Brain evidence and computational linguistics
My work on data-driven models of commonsense eventually led me to start looking into evidence from neuroscience, thanks above all to Heba Lakany, then a part of CSEE's BCI group. This line of research greatly expanded when I moved to the University of Trento's Center for Mind/Brain Sciences (CIMEC), where I started CLIC, a team of computer scientists working on language and commonsense knowledge in interaction with the neuroscientists and psychologists from the Centre. Over the years, we worked in four main areas: using EEG to study conceptual representations, using brain evidence to evaluate semantic space models, the representation of abstract concepts in the brain, using EEG for sentiment analysis, and on the clinical applications of this methodology.
Using EEG to study commonsense
The method most used to collect brain data about conceptual representations is functional Magnetic Resonance Imaging (fMRI), but collecting data with this evidence is very expensive, it could not be used for systematic studies of lexical representations. We have therefore explored the use of an alternative and much cheaper method, Electro Encephalography (EEG), much cheaper and already widely available in CS departments with BCI groups. We used this approach in many studies, first with Heba, then mainly in collaboration with Brian Murphy, and more recently with Yuqiao Gu. Other important collaborators include the members of Lorenzo Bruzzone's lab at Uni Trento, in particular Francesca Bovolo and Michele Dalponte.
Our first investigation in this area look at whether EEG evidence had sufficient discriminative power to replicate standard results in the MVPA literature--in particular, to differentiate between animals and tools. The results were positive (Murphy et al, 2011). We were also able to replicate our results using MEG (Murphy and Poesio, 2010).
Using brain evidence to evaluate semantic space models
Tom Mitchell and his lab pioneered a method to `map' conceptual representations extracted from corpora using distributional methods to activation patterns of concepts in the brain, using linear regression. Over the years we used several approaches to do this, including an approach to map distributional representations to data obtained using EEG (Murphy et al, 2009). More recently, we have mostly used representational similarity to do this (Kriegeskorte et al).

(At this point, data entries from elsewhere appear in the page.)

lemma centred_commute_coord:
  "x \<in> space (unit_cube n) \<Longrightarrow> i < n \<Longrightarrow> j < n \<Longrightarrow> centred W (x i) (x j) = centred W (x j) (x i)"
  by (metis centred_commute unit_cube_coord)

lemma integrable_hom_integrand:
  assumes "E \<subseteq> {..<n} \<times> {..<n}"
  shows "integrable (unit_cube n) (\<lambda>x. \<Prod>(u, v)\<in>E. centred W (x u) (x v))"
    and "integrable (unit_cube n) (\<lambda>x. \<Prod>(u, v)\<in>E. W (x u) (x v))"
    and "integrable (unit_cube n) (\<lambda>x. \<Prod>(u, v)\<in>E. 1 - W (x u) (x v))"
  using assms by (auto simp: case_prod_beta intro!: integrable_bounded_measurable
      finite_measure_unit_cube bounded_measurable_prod bounded_measurable_diff
      centred_bounded_measurable graphon_bounded_measurable)

lemma m_density_eq_even_subgraph_sum:
  assumes es: "distinct es" "set es \<subseteq> {..<n} \<times> {..<n}"
  shows "m_density n (set es) W
    = 2 / 2 ^ length es * (\<Sum>fs\<leftarrow>filter (even \<circ> length) (List.subseqs es). hom_density n (set fs) (centred W))"
proof -
  let ?S = "filter (even \<circ> length) (List.subseqs es)"
  let ?U = "\<lambda>x (u, v). centred W (x u) (x v)"
  have sub: "distinct fs \<and> set fs \<subseteq> {..<n} \<times> {..<n}" if "fs \<in> set ?S" for fs
  proof -
    from that have fs: "fs \<in> set (List.subseqs es)"
      by (simp del: in_set_subseqs)
    have "set fs \<subseteq> set es"
      using subseqs_powset[of es] imageI[OF fs, of set] by simp
    then show ?thesis
      using subseqs_distinctD[OF fs es(1)] es(2) by simp
  qed
  have pointwise: "(\<Prod>(u, v)\<in>set es. W (x u) (x v)) + (\<Prod>(u, v)\<in>set es. 1 - W (x u) (x v))
      = 2 / 2 ^ length es * (\<Sum>i<length ?S. \<Prod>(u, v)\<in>set (?S ! i). centred W (x u) (x v))" for x
  proof -
    have half: "(\<Prod>e\<in>set es. g e / 2) = (\<Prod>e\<leftarrow>es. g e) / 2 ^ length es" for g :: "nat \<times> nat \<Rightarrow> real"
      using es(1) by (simp add: prod_dividef prod.distinct_set_conv_list distinct_card)
    have "(\<Prod>(u, v)\<in>set es. W (x u) (x v)) = (\<Prod>e\<in>set es. (1 + ?U x e) / 2)"
      and "(\<Prod>(u, v)\<in>set es. 1 - W (x u) (x v)) = (\<Prod>e\<in>set es. (1 - ?U x e) / 2)"
      by (auto intro!: prod.cong simp: centred_def)
    then have "(\<Prod>(u, v)\<in>set es. W (x u) (x v)) + (\<Prod>(u, v)\<in>set es. 1 - W (x u) (x v))
      = (\<Prod>e\<leftarrow>es. 1 + ?U x e) / 2 ^ length es + (\<Prod>e\<leftarrow>es. 1 - ?U x e) / 2 ^ length es"
      by (simp only: half)
    also have "\<dots> = ((\<Prod>e\<leftarrow>es. 1 + ?U x e) + (\<Prod>e\<leftarrow>es. 1 - ?U x e)) / 2 ^ length es"
      by (rule add_divide_distrib[symmetric])
    also have "\<dots> = 2 / 2 ^ length es * (\<Sum>fs\<leftarrow>?S. \<Prod>e\<leftarrow>fs. ?U x e)"
      unfolding prod_list_one_plus_add_one_minus by simp
    also have "(\<Sum>fs\<leftarrow>?S. \<Prod>e\<leftarrow>fs. ?U x e) = (\<Sum>i<length ?S. \<Prod>e\<in>set (?S ! i). ?U x e)"
      unfolding sum_list_sum_nth atLeast0LessThan
    proof (rule sum.cong, simp)
      fix i assume "i \<in> {..<length ?S}"
      then have i: "i < length ?S"
        by simp
      then have "distinct (?S ! i)"
        using sub nth_mem by blast
      with i show "map (\<lambda>fs. \<Prod>e\<leftarrow>fs. ?U x e) ?S ! i = (\<Prod>e\<in>set (?S ! i). ?U x e)"
        by (simp add: prod.distinct_set_conv_list)
    qed
    finally show ?thesis .
  qed
  have "m_density n (set es) W
      = (\<integral>x. (\<Prod>(u, v)\<in>set es. W (x u) (x v)) + (\<Prod>(u, v)\<in>set es. 1 - W (x u) (x v)) \<partial>unit_cube n)"
    unfolding m_density_def hom_density_def
    by (rule Bochner_Integration.integral_add[symmetric]) (use es in \<open>simp_all add: integrable_hom_integrand\<close>)
  also have "\<dots> = (\<integral>x. 2 / 2 ^ length es * (\<Sum>i<length ?S. \<Prod>(u, v)\<in>set (?S ! i). centred W (x u) (x v)) \<partial>unit_cube n)"
    unfolding pointwise ..
  also have "\<dots> = 2 / 2 ^ length es * (\<Sum>i<length ?S. hom_density n (set (?S ! i)) (centred W))"
  proof -
    have "integrable (unit_cube n) (\<lambda>x. \<Prod>(u, v)\<in>set (?S ! i). centred W (x u) (x v))" if "i < length ?S" for i
      using sub[OF nth_mem[OF that]] by (simp add: integrable_hom_integrand)
    then show ?thesis
      unfolding hom_density_def by (simp add: integral_sum)
  qed
  also have "\<dots> = 2 / 2 ^ length es * (\<Sum>fs\<leftarrow>?S. hom_density n (set fs) (centred W))"
    by (simp add: sum_list_sum_nth atLeast0LessThan)
  finally show ?thesis .
qed

lemma hom_density_centred_relabel:
  assumes xs: "distinct xs" "set xs = {..<n}" and E: "E \<subseteq> {..<n} \<times> {..<n}"
    and relabel: "\<And>x. x \<in> space (unit_cube n) \<Longrightarrow>
      (\<Prod>(u, v)\<in>E. centred W (x (xs ! u)) (x (xs ! v))) = (\<Prod>(u, v)\<in>E'. centred W (x u) (x v))"
  shows "hom_density n E (centred W) = hom_density n E' (centred W)"
proof -
  have "hom_density n E (centred W)
      = (\<integral>x. (\<Prod>(u, v)\<in>E. centred W ((\<lambda>i\<in>{..<n}. x (xs ! i)) u) ((\<lambda>i\<in>{..<n}. x (xs ! i)) v)) \<partial>unit_cube n)"
    unfolding hom_density_def using xs E integrable_hom_integrand(1)[OF E]
    by (intro integral_PiM_relabel[symmetric] prob_space_unit_meas) auto
  also have "\<dots> = hom_density n E' (centred W)"
  proof -
    have "(\<Prod>(u, v)\<in>E. centred W ((\<lambda>i\<in>{..<n}. x (xs ! i)) u) ((\<lambda>i\<in>{..<n}. x (xs ! i)) v))
        = (\<Prod>(u, v)\<in>E. centred W (x (xs ! u)) (x (xs ! v)))" for x
      using E by (intro prod.cong) auto
    then show ?thesis
      unfolding hom_density_def using relabel by (intro Bochner_Integration.integral_cong) auto
  qed
  finally show ?thesis .
qed

text \<open>In each relabelling below the list gives the images of the vertices 0, 1, 2, 3 of the
  right-hand graph, which is the representative of its isomorphism class.\<close>

lemma cherry_densities:
  shows "hom_density 4 {(0,1), (1,2)} (centred W) = hom_density 4 {(0,1), (0,2)} (centred W)"
    and "hom_density 4 {(0,1), (0,3)} (centred W) = hom_density 4 {(0,1), (0,2)} (centred W)"
    and "hom_density 4 {(1,2), (2,3)} (centred W) = hom_density 4 {(0,1), (0,2)} (centred W)"
    and "hom_density 4 {(1,2), (0,2)} (centred W) = hom_density 4 {(0,1), (0,2)} (centred W)"
    and "hom_density 4 {(2,3), (0,3)} (centred W) = hom_density 4 {(0,1), (0,2)} (centred W)"
    and "hom_density 4 {(2,3), (0,2)} (centred W) = hom_density 4 {(0,1), (0,2)} (centred W)"
    and "hom_density 4 {(0,3), (0,2)} (centred W) = hom_density 4 {(0,1), (0,2)} (centred W)"
  subgoal by (rule hom_density_centred_relabel[symmetric, of "[1,0,2,3]"]) (auto simp: centred_commute_coord ac_simps)
  subgoal by (rule hom_density_centred_relabel[symmetric, of "[0,1,3,2]"]) (auto simp: centred_commute_coord ac_simps)
  subgoal by (rule hom_density_centred_relabel[symmetric, of "[2,1,3,0]"]) (auto simp: centred_commute_coord ac_simps)
  subgoal by (rule hom_density_centred_relabel[symmetric, of "[2,1,0,3]"]) (auto simp: centred_commute_coord ac_simps)
  subgoal by (rule hom_density_centred_relabel[symmetric, of "[3,2,0,1]"]) (auto simp: centred_commute_coord ac_simps)
  subgoal by (rule hom_density_centred_relabel[symmetric, of "[2,3,0,1]"]) (auto simp: centred_commute_coord ac_simps)
  subgoal by (rule hom_density_centred_relabel[symmetric, of "[0,3,2,1]"]) (auto simp: centred_commute_coord ac_simps)
  done

lemma matching_densities:
  shows "hom_density 4 {(1,2), (0,3)} (centred W) = hom_density 4 {(0,1), (2,3)} (centred W)"
    and "hom_density 4 {(0,2), (1,3)} (centred W) = hom_density 4 {(0,1), (2,3)} (centred W)"
  subgoal by (rule hom_density_centred_relabel[symmetric, of "[1,2,0,3]"]) (auto simp: centred_commute_coord ac_simps)
  subgoal by (rule hom_density_centred_relabel[symmetric, of "[0,2,1,3]"]) (auto simp: centred_commute_coord ac_simps)
  done

lemma four_cycle_density:
  "hom_density 4 {(0,2), (1,2), (0,3), (1,3)} (centred W) = hom_density 4 C4_edges (centred W)"
  by (rule hom_density_centred_relabel[symmetric, of "[0,2,1,3]"])
    (auto simp: C4_edges_def centred_commute_coord ac_simps)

Brain evidence about abstract concepts
One area of the lexicon where neural evidence would be particularly welcome is the representation of abstract concepts such as concept, as this is the are of conceptual knowledge where there are the most theoretical disagreement between researchers working on commonsense knowledge and ontologies. Evidence in this respect is, however, still scarce. In work began with Brian and continued with Andrew Anderson and Yuan Tao, we have explored the representation of abstract concepts in the brain, testing in particular the predictions of Barsalou's theory (Anderson et al, 2014) and the implications of Pustejovsky's dot-objects theory of logic polysemy, in which words such as book may have both an abstract and a concrete interpretation (Tao et al, submitted).
Brain-driven sentiment analysis
Another aspect of lexical knowledge we have been studying using EEG and fMRI is the polarity of lexical items: negative, positive or neutral. Neuroscientists had already shown that polarity could be studied using fMRI in particular; again, we demonstrated that accuracy was beyond chance can be obtained with EEG, as well. In (Gu et al, 2014) we pioneered a new method to use polarities extracted this way for sentiment analysis, and showed that it is possible to obtain in this way better results than with standard sentiment lexica.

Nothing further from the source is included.